Monitoring Gastrointestinal Tract Function

Ruben J Azocar

Suresh Agarwal

Ishaq Lat

Gastrointestinal system function is of paramount importance for the maintenance of the body’s homeostasis, which is not only limited to the important functions of digestion and absorption but also closely related to immune function. Monitoring the gastrointestinal tract function remains largely based on clinical exam and a few diagnostic tests. The majority of the tests that are available have been primarily used for research purposes and are not available at the bedside of the critically ill patient (Table 32-1).
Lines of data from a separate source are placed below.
lemma integral_joint_density_quadratic_ty_given_latent:
  assumes "valid_dgp D"
  shows "(\<integral>x1. \<integral>x2. \<integral>t. \<integral>y. joint_density D z x1 x2 t y * (a0 + a1 * t^2 + a2 * (t * y) + a3 * y^2)
      \<partial>lborel \<partial>lborel \<partial>lborel \<partial>lborel)
    = std_normal_density z * ((a0 + a3 * sig_y D^2 + (a1 + a2 * c_yt D + a3 * c_yt D^2) * sig_t D^2)
      + (a3 * c_yz D^2 + a2 * c_yz D * c_t D + 2 * a3 * c_yz D * c_yt D * c_t D
         + (a1 + a2 * c_yt D + a3 * c_yt D^2) * c_t D^2) * z^2)"
proof -
  define C1 C2 Ct Cyz Cyt S1 S2 St Sy where defs: "C1 = c_1 D" "C2 = c_2 D" "Ct = c_t D"
    "Cyz = c_yz D" "Cyt = c_yt D" "S1 = sig_1 D" "S2 = sig_2 D" "St = sig_t D" "Sy = sig_y D"
  have s: "0 < S1" "0 < S2" "0 < St" "0 < Sy" using assms unfolding valid_dgp_def defs by auto
  define Kt where "Kt = a1 + a2 * Cyt + a3 * Cyt^2"
  define V where "V = a0 + a3 * Sy^2 + Kt * St^2 + (a3 * Cyz^2 + a2 * Cyz * Ct + 2 * a3 * Cyz * Cyt * Ct + Kt * Ct^2) * z^2"
  have y: "(\<integral>y. joint_density D z x1 x2 t y * (a0 + a1 * t^2 + a2 * (t * y) + a3 * y^2) \<partial>lborel) =
      (std_normal_density z * normal_density (C1 * z) S1 x1 * normal_density (C2 * z) S2 x2) *
      (normal_density (Ct * z) St t * ((a0 + a3 * Cyz^2 * z^2 + a3 * Sy^2) + ((a2 * Cyz + 2 * a3 * Cyz * Cyt) * z) * t + Kt * t^2))"
    for x1 x2 t
  proof -
    have "(\<integral>y. joint_density D z x1 x2 t y * (a0 + a1 * t^2 + a2 * (t * y) + a3 * y^2) \<partial>lborel) =
        (\<integral>y. (std_normal_density z * normal_density (C1 * z) S1 x1 * normal_density (C2 * z) S2 x2
          * normal_density (Ct * z) St t) * (normal_density (Cyz * z + Cyt * t) Sy y * (a0 + a1 * t^2 + a2 * (t * y) + a3 * y^2)) \<partial>lborel)"
      by (intro Bochner_Integration.integral_cong) (simp_all add: joint_density_def defs algebra_simps)
    also have "\<dots> = (std_normal_density z * normal_density (C1 * z) S1 x1 * normal_density (C2 * z) S2 x2
        * normal_density (Ct * z) St t) * ((a0 + a1 * t^2) + (a2 * t) * (Cyz * z + Cyt * t) + a3 * ((Cyz * z + Cyt * t)^2 + Sy^2))"
      by (subst integral_mult_right_zero, subst normal_density_times_quadratic(2)[OF s(4), where A = "a0 + a1 * t^2"
          and B = "a2 * t" and C = a3]) (auto simp: algebra_simps)
    finally show ?thesis by (simp add: Kt_def power2_eq_square algebra_simps)
  qed
  have t: "(\<integral>t. \<integral>y. joint_density D z x1 x2 t y * (a0 + a1 * t^2 + a2 * (t * y) + a3 * y^2) \<partial>lborel \<partial>lborel) =
      (std_normal_density z * normal_density (C1 * z) S1 x1 * V) * normal_density (C2 * z) S2 x2" for x1 x2
  proof -
    have "(\<integral>t. \<integral>y. joint_density D z x1 x2 t y * (a0 + a1 * t^2 + a2 * (t * y) + a3 * y^2) \<partial>lborel \<partial>lborel) =
        (std_normal_density z * normal_density (C1 * z) S1 x1 * normal_density (C2 * z) S2 x2) *
        ((a0 + a3 * Cyz^2 * z^2 + a3 * Sy^2) + ((a2 * Cyz + 2 * a3 * Cyz * Cyt) * z) * (Ct * z) + Kt * ((Ct * z)^2 + St^2))"
      unfolding y by (subst integral_mult_right_zero, subst normal_density_times_quadratic(2)[OF s(3),
          where A = "a0 + a3 * Cyz^2 * z^2 + a3 * Sy^2" and B = "(a2 * Cyz + 2 * a3 * Cyz * Cyt) * z" and C = Kt]) auto
    then show ?thesis by (simp add: V_def power2_eq_square algebra_simps)
  qed
  have x2: "(\<integral>x2. \<integral>t. \<integral>y. joint_density D z x1 x2 t y * (a0 + a1 * t^2 + a2 * (t * y) + a3 * y^2)
      \<partial>lborel \<partial>lborel \<partial>lborel) = (std_normal_density z * V) * normal_density (C1 * z) S1 x1" for x1
    unfolding t using s(2) by (simp add: mult_ac)
  have "(\<integral>x1. \<integral>x2. \<integral>t. \<integral>y. joint_density D z x1 x2 t y * (a0 + a1 * t^2 + a2 * (t * y) + a3 * y^2)
      \<partial>lborel \<partial>lborel \<partial>lborel \<partial>lborel) = std_normal_density z * V"
    unfolding x2 using s(1) by simp
  then show ?thesis by (simp add: V_def Kt_def defs)
qed

lemma p_obs_quadratic_ty:
  assumes "valid_dgp D"
  shows "integrable lborel4 (\<lambda>(x1, x2, t, y). p_obs D x1 x2 t y * (a0 + a1 * t^2 + a2 * (t * y) + a3 * y^2))"
    and "(\<integral>x1. \<integral>x2. \<integral>t. \<integral>y. p_obs D x1 x2 t y * (a0 + a1 * t^2 + a2 * (t * y) + a3 * y^2)
        \<partial>lborel \<partial>lborel \<partial>lborel \<partial>lborel)
      = a0 + a1 * moment_tt D + a2 * moment_ty D + a3 * moment_yy D"
proof -
  let ?q = "\<lambda>t y. a0 + a1 * t^2 + a2 * (t * y) + a3 * y^2"
  have q_meas: "(\<lambda>(x1, x2, t, y). (\<lambda>x1 x2 t y. ?q t y) x1 x2 t y) \<in> borel_measurable lborel4"
    by measurable
  note Fubini = p_obs_mult_Fubini[OF assms q_meas abs_quadratic_ty_le_weight]
  show int: "integrable lborel4 (\<lambda>(x1, x2, t, y). p_obs D x1 x2 t y * ?q t y)"
    using Fubini(1) by simp
  define A C where "A = a0 + a3 * sig_y D^2 + (a1 + a2 * c_yt D + a3 * c_yt D^2) * sig_t D^2"
    and "C = a3 * c_yz D^2 + a2 * c_yz D * c_t D + 2 * a3 * c_yz D * c_yt D * c_t D
      + (a1 + a2 * c_yt D + a3 * c_yt D^2) * c_t D^2"
  have "(\<integral>x1. \<integral>x2. \<integral>t. \<integral>y. p_obs D x1 x2 t y * ?q t y \<partial>lborel \<partial>lborel \<partial>lborel \<partial>lborel)
      = integral\<^sup>L lborel4 (\<lambda>(x1, x2, t, y). p_obs D x1 x2 t y * ?q t y)"
    using integral_lborel4_iterated[OF int] by simp
  also have "\<dots> = (\<integral>z. integral\<^sup>L lborel4 (\<lambda>(x1, x2, t, y). joint_density D z x1 x2 t y * ?q t y) \<partial>lborel)"
    using Fubini(2) by simp
  also have "\<dots> = (\<integral>z. std_normal_density z * (A + 0 * z + C * z^2) \<partial>lborel)"
  proof (rule integral_cong_AE)
    show "(\<lambda>z. integral\<^sup>L lborel4 (\<lambda>(x1, x2, t, y). joint_density D z x1 x2 t y * ?q t y)) \<in> borel_measurable lborel"
      by (rule sigma_finite_measure.borel_measurable_lebesgue_integral[OF sigma_finite_lborel4])
         (unfold joint_density_def normal_density_def split_beta', measurable)
    show "AE z in lborel. integral\<^sup>L lborel4 (\<lambda>(x1, x2, t, y). joint_density D z x1 x2 t y * ?q t y)
        = std_normal_density z * (A + 0 * z + C * z^2)"
      using Fubini(3)
    proof eventually_elim
      case (elim z)
      then have "integrable lborel4 (\<lambda>(x1, x2, t, y). joint_density D z x1 x2 t y * ?q t y)" by simp
      from integral_lborel4_iterated[OF this]
        integral_joint_density_quadratic_ty_given_latent[OF assms, of z a0 a1 a2 a3]
      show ?case by (simp add: A_def C_def)
    qed
  qed (unfold normal_density_def, measurable)
  also have "\<dots> = A + 0 * 0 + C * (0^2 + 1^2)"
    by (rule normal_density_times_quadratic(2)) auto
  also have "\<dots> = a0 + a1 * moment_tt D + a2 * moment_ty D + a3 * moment_yy D"
    by (simp add: A_def C_def moment_tt_def moment_ty_def moment_yy_def power2_eq_square algebra_simps)
  finally show "(\<integral>x1. \<integral>x2. \<integral>t. \<integral>y. p_obs D x1 x2 t y * ?q t y \<partial>lborel \<partial>lborel \<partial>lborel \<partial>lborel)
      = a0 + a1 * moment_tt D + a2 * moment_ty D + a3 * moment_yy D" .
qed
This chapter examines the diagnostic modalities available, on an organ system basis, for assessing abnormalities in the critically ill patient.

Esophagus

Tests of Esophageal Motility and Lower Esophageal Sphincter Function

The evaluation of esophageal function may be performed with barium swallow and real-time fluoroscopy, yielding both functional and anatomic data about the esophagus and the swallowing mechanism. Similarly, an isotope swallow, utilizing a technetium-99 colloid and a gamma camera, may provide data regarding esophageal physiology. The ease of performing fluoroscopy usually outweighs benefits that may be had from nuclear radiography.

Esophageal manometry has been used extensively to study gastroesophageal reflux disease (GERD) in critically ill patients. One study, of 15 critically ill patients, demonstrated that low esophageal sphincter (LES) pressure (mean 2.2 ± 0.4 mm Hg) and poor motor response to reflux correlated with the presence of GERD. Furthermore, low LES pressures were associated with frequent reflux episodes (60% of untreated patients) and decreased esophageal motility [1].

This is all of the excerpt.